Thermal performance of cell-type cooling towers can drop if the plume is sucked back into the air inlets. SPX Cooling Technologies reports that round towers are generally taller and suffer less from this recirculation and interference. Round towers also require less space than large cell-type plants and less piping is needed, because a single hot water pipe leads to the cooling tower rather than allocating a pipe to each cell.

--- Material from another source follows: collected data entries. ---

lemma topological_group_indiscrete:
  assumes E: "group E" and TE: "indiscrete_space TE" "topspace TE = carrier E"
  shows "topological_group E TE"
proof -
  have "(\<lambda>(x, y). x \<otimes>\<^bsub>E\<^esub> y) \<in> topspace (prod_topology TE TE) \<rightarrow> topspace TE"
    using monoid.m_closed[OF group.is_monoid[OF E]] TE(2) by (auto simp: Pi_iff)
  moreover have "(\<lambda>x. inv\<^bsub>E\<^esub> x) \<in> topspace TE \<rightarrow> topspace TE"
    using group.inv_closed[OF E] TE(2) by (auto simp: Pi_iff)
  ultimately show ?thesis
    unfolding topological_group_def using E TE by (simp add: continuous_map_into_indiscrete)
qed

lemma topological_group_discrete_topology:
  assumes "group F"
  shows "topological_group F (discrete_topology (carrier F))"
  unfolding topological_group_def
proof (intro conjI)
  show "continuous_map (prod_topology (discrete_topology (carrier F)) (discrete_topology (carrier F)))
      (discrete_topology (carrier F)) (\<lambda>(x, y). x \<otimes>\<^bsub>F\<^esub> y)"
    unfolding prod_topology_discrete_topology[symmetric]
    using group.is_monoid[OF assms] by (auto simp: monoid.m_closed)
  show "continuous_map (discrete_topology (carrier F)) (discrete_topology (carrier F)) (\<lambda>x. inv\<^bsub>F\<^esub> x)"
    using assms by (auto simp: group.inv_closed)
qed (use assms in auto)

lemma (in group) topological_group_translations:
  assumes "topological_group G T" "c \<in> carrier G"
  shows "continuous_map T T (\<lambda>x. x \<otimes> c)" "continuous_map T T (\<lambda>x. c \<otimes> x)"
proof -
  have ts: "topspace T = carrier G"
    and mult: "continuous_map (prod_topology T T) T (\<lambda>(x, y). x \<otimes> y)"
    using assms(1) unfolding topological_group_def by auto
  have "continuous_map T (prod_topology T T) (\<lambda>x. (x, c))"
    "continuous_map T (prod_topology T T) (\<lambda>x. (c, x))"
    using assms(2) ts by (auto intro!: continuous_map_pairedI)
  from this[THEN continuous_map_compose, OF mult]
  show "continuous_map T T (\<lambda>x. x \<otimes> c)" "continuous_map T T (\<lambda>x. c \<otimes> x)"
    by (simp_all add: o_def)
qed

Hybrid towers – similar to wet towers – evaporate a lot of water to the air. SPX has developed a system with a series of PVC heat exchanger packs in the tower plenum that use ambient air to condense much of the moisture before it exits the tower. Air2Air can be retrofitted to a single cell or an entire tower, depending on the required water return rate. Recovered water can be returned directly to the tower basin, or piped away as a pure water stream for boiler make-up or other plant uses.
Reducing water waste
Wet / dry systems also reduce water consumption. These run water and air-cooled condensers in parallel to combine the advantages of dry and wet cooling.
In GEA’s PArallel Condensing (PAC) system, exhaust steam coming from a steam turbine generator is immediately separated into two streams. One stream flows into a surface condenser while the other is directed to an air cooled condenser (ACC). Condensate recovered in the two condensers can be collected in a common hotwell.
The steam distribution between the two units does not need valves or dampers, and water consumption is controlled by the heat load distribution between the two condensers. The system uses wet cooling in the warm seasons, and there is no plume in winter because dry cooling is enough and the wet tower fans can be switched off. The system costs less, and has a smaller footprint and lower fan power consumption than dry cooling towers.
GEA’s system has, for example, been used in the 225MW Afton Generating Station near Las Cruces, New Mexico, US. This had a two-cell cooling tower with two-speed fans. Makeup water for the wet cooling system comes from raw water wells on the Afton site. The warm (27-32°C) well water is cooled before treatment. Here, PAC works in one of several modes depending on the ambient temperature. Fans can be off, or run at low- or high speeds.
At 37°C, all the fans – in both the ACC and the cooling tower – run at high speed. The circulating water then passes through the surface condenser at full flow. As the ambient temperature drops, the fans can run at low speed or switched off. Afton actually runs one circulating water pump during the winter to maintain some water flow through the surface condenser tubing and prevent fouling.
Hybrid’s shorter stature
Another reason for the popularity of hybrid towers is the sheer height of natural draught towers. This is a major factor at Horizon Nuclear Power’s Oldbury plant, and Horizon is opting for hybrid towers because they are typically 70m high rather than the 200m-plus of natural draught towers.
The plant will likely start construction in 2019, and Horizon has said that moving away from natural draught cooling towers has been a big decision. The smaller towers will be more in keeping with the existing Magnox station next to it, and the lack of visible plume will also make the power plant less obtrusive.
Horizon stresses that it has consulted with local residents, but there is still strong opposition to the planned site. Residents of the nearby village of Shepperdine, particularly, protest that their view across the river Severn will be scarred by the cooling towers, even hybrid ones.
Oldbury is the oldest nuclear power station still operating in the UK and residents have been looking out at the existing Magnox station for over 40 years. They say that feel that the proposed 3GW plus station (nearly four times the power of the existing one) is excessive, irrespective of what sort of towers it uses.